Soy ciega pero las veo. Ahora se acerca el frío y la oscuridad,
por lo tanto les aconsejo que vuelvan a sus casas, el ocaso ya
está aquí.”
Al momento de
terminar sus palabras, la niña se puso en pié. Silenciosa,
decidida, erguida y sin vacilación, caminando de manera
apresurada se dirigió a casa de su abuela.
Sentados en el
campo parecían petrificados mirando fijamente al gran roble. Las
palabras de Clara habían calado hondo en estos personajes.

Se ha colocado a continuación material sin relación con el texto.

lemma spectral_radius_pos_of_mat_trace_square:
  fixes B :: "complex mat"
  assumes B: "B \<in> carrier_mat n n" and trace: "mat_trace (B * B) \<noteq> 0"
  shows "spectral_radius B > 0"
proof -
  have n: "n > 0"
    using B trace by (cases "n = 0") (auto simp: mat_trace_def)
  obtain es where "char_poly B = (\<Prod>a\<leftarrow>es. [:- a, 1:])"
    using char_poly_factorized[OF B] by auto
  then obtain U where U: "U \<in> carrier_mat n n" "upper_triangular U" and similar: "similar_mat B U"
    using schur_decomposition_exists[OF B] by auto
  have "spectral_radius B \<noteq> 0"
  proof
    assume radius: "spectral_radius B = 0"
    have "U $$ (i, i) = 0" if i: "i < n" for i
    proof -
      have "U $$ (i, i) \<in> spectrum B"
        using upper_triangular_diag_root_char_poly[OF U i] char_poly_similar[OF similar]
        by (simp add: spectrum_root_char_poly[OF B])
      then have "norm (U $$ (i, i)) \<le> spectral_radius B"
        by (intro spectral_radius_mem_max(2)[OF B n]) simp
      then show ?thesis using radius by simp
    qed
    then have "mat_trace (U * U) = 0"
      by (simp add: mat_trace_square_upper_triangular[OF U])
    moreover have "similar_mat (B * B) (U * U)"
    proof -
      from similar obtain P Q where "similar_mat_wit B U P Q"
        unfolding similar_mat_def by blast
      from similar_mat_wit_pow[OF this, of 2] show ?thesis
        using B U unfolding similar_mat_def by (auto simp: numeral_2_eq_2)
    qed
    ultimately show False
      using trace mat_trace_similar by metis
  qed
  moreover have "spectral_radius B \<ge> 0"
    using spectral_radius_mem_max(1)[OF B n] by auto
  ultimately show ?thesis by simp
qed

lemma real_spectral_radius_pos_symmetric:
  fixes B :: "real mat"
  assumes B: "B \<in> carrier_mat n n" and symmetric: "transpose_mat B = B" and nonzero: "B \<noteq> 0\<^sub>m n n"
  shows "real_spectral_radius B > 0"
proof -
  obtain i j where ij: "i < n" "j < n" and entry: "B $$ (i, j) \<noteq> 0"
    using nonzero B by (metis carrier_matD eq_matI index_zero_mat(1-3))
  have "0 < (\<Sum>j<n. (B $$ (i, j))\<^sup>2)"
    using ij entry by (intro sum_pos2[where i = j]) auto
  then have "0 < (\<Sum>i<n. \<Sum>j<n. (B $$ (i, j))\<^sup>2)"
    using ij by (intro sum_pos2[where i = i and f = "\<lambda>i. \<Sum>j<n. (B $$ (i, j))\<^sup>2"])
      (auto intro: sum_nonneg)
  then have "mat_trace (B * B) \<noteq> 0"
    by (simp add: mat_trace_square_symmetric[OF B symmetric])
  moreover have "mat_trace (map_mat complex_of_real B * map_mat complex_of_real B)
      = complex_of_real (mat_trace (B * B))"
    using B by (simp add: of_real_hom.mat_hom_mult[symmetric] mat_trace_def)
  ultimately show ?thesis
    unfolding real_spectral_radius_def using B
    by (intro spectral_radius_pos_of_mat_trace_square) auto
qed

lemma eigenvalue_diagonal_scaling:
  fixes A B :: "'a::field mat"
  assumes A: "A \<in> carrier_mat n n" and B: "B \<in> carrier_mat n n"
    and d: "\<And>i. i < n \<Longrightarrow> d i \<noteq> 0" and s: "s \<noteq> 0"
    and scale: "\<And>i j. i < n \<Longrightarrow> j < n \<Longrightarrow> d i * A $$ (i, j) = s * B $$ (i, j) * d j"
    and eigenvalue: "eigenvalue A \<mu>"
  shows "eigenvalue B (\<mu> / s)"
proof -
  from eigenvalue obtain v where v: "v \<in> carrier_vec n" "v \<noteq> 0\<^sub>v n" "A *\<^sub>v v = \<mu> \<cdot>\<^sub>v v"
    unfolding eigenvalue_def eigenvector_def using A by auto
  define w where "w = vec n (\<lambda>i. d i * v $ i)"
  have w: "w \<in> carrier_vec n"
    unfolding w_def by simp
  have "w \<noteq> 0\<^sub>v n"
  proof
    assume "w = 0\<^sub>v n"
    have "v $ i = 0" if i: "i < n" for i
    proof -
      have "d i * v $ i = 0"
        using \<open>w = 0\<^sub>v n\<close> i unfolding w_def by (metis index_vec index_zero_vec(1))
      then show ?thesis using d[OF i] by simp
    qed
    then have "v = 0\<^sub>v n"
      using v(1) by (intro eq_vecI) auto
    then show False using v(2) by contradiction
  qed
  moreover have "B *\<^sub>v w = (\<mu> / s) \<cdot>\<^sub>v w"
  proof (rule eq_vecI)
    fix i assume "i < dim_vec ((\<mu> / s) \<cdot>\<^sub>v w)"
    then have i: "i < n" using w by simp
    have "s * (B *\<^sub>v w) $ i = (\<Sum>j<n. s * B $$ (i, j) * d j * v $ j)"
      using B i by (auto simp: w_def scalar_prod_def atLeast0LessThan sum_distrib_left ac_simps
          intro!: sum.cong)
    also have "\<dots> = d i * (A *\<^sub>v v) $ i"
      using A i v(1) scale[OF i]
      by (auto simp: scalar_prod_def atLeast0LessThan sum_distrib_left ac_simps intro!: sum.cong)
    also have "\<dots> = s * ((\<mu> / s) \<cdot>\<^sub>v w) $ i"
      using v i s by (simp add: w_def)
    finally show "(B *\<^sub>v w) $ i = ((\<mu> / s) \<cdot>\<^sub>v w) $ i"
      using s by simp
  qed (use B w in auto)
  ultimately show ?thesis
    unfolding eigenvalue_def eigenvector_def using B w by auto
qed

Ensimismados en pensamientos, los tres muchachos apenas se
enteraban de que iba oscureciendo poco a poco. Era la cuarta vez
que escuchaban los relatos de la tierna niña ciega. Conscientes
de que sus padres los castigarían duramente si se enterasen
dónde habían estado, se pusieron en pié. Mirándose unos a otros
dirigieron sus pasos hacia el tronco. Lo tocaron; cada uno en
una parte, apoyaron ambas manos y acercaron sus cabezas cómo si
quisiesen escuchar en su interior. De repente; uno de ellos
intentó decir algo, vocalizaba sin sonido, nervioso. Intentó
apartarse, sin éxito. A los demás les ocurrió lo mismo, eran
incapaces de despegar sus manos del tronco del roble sagrado.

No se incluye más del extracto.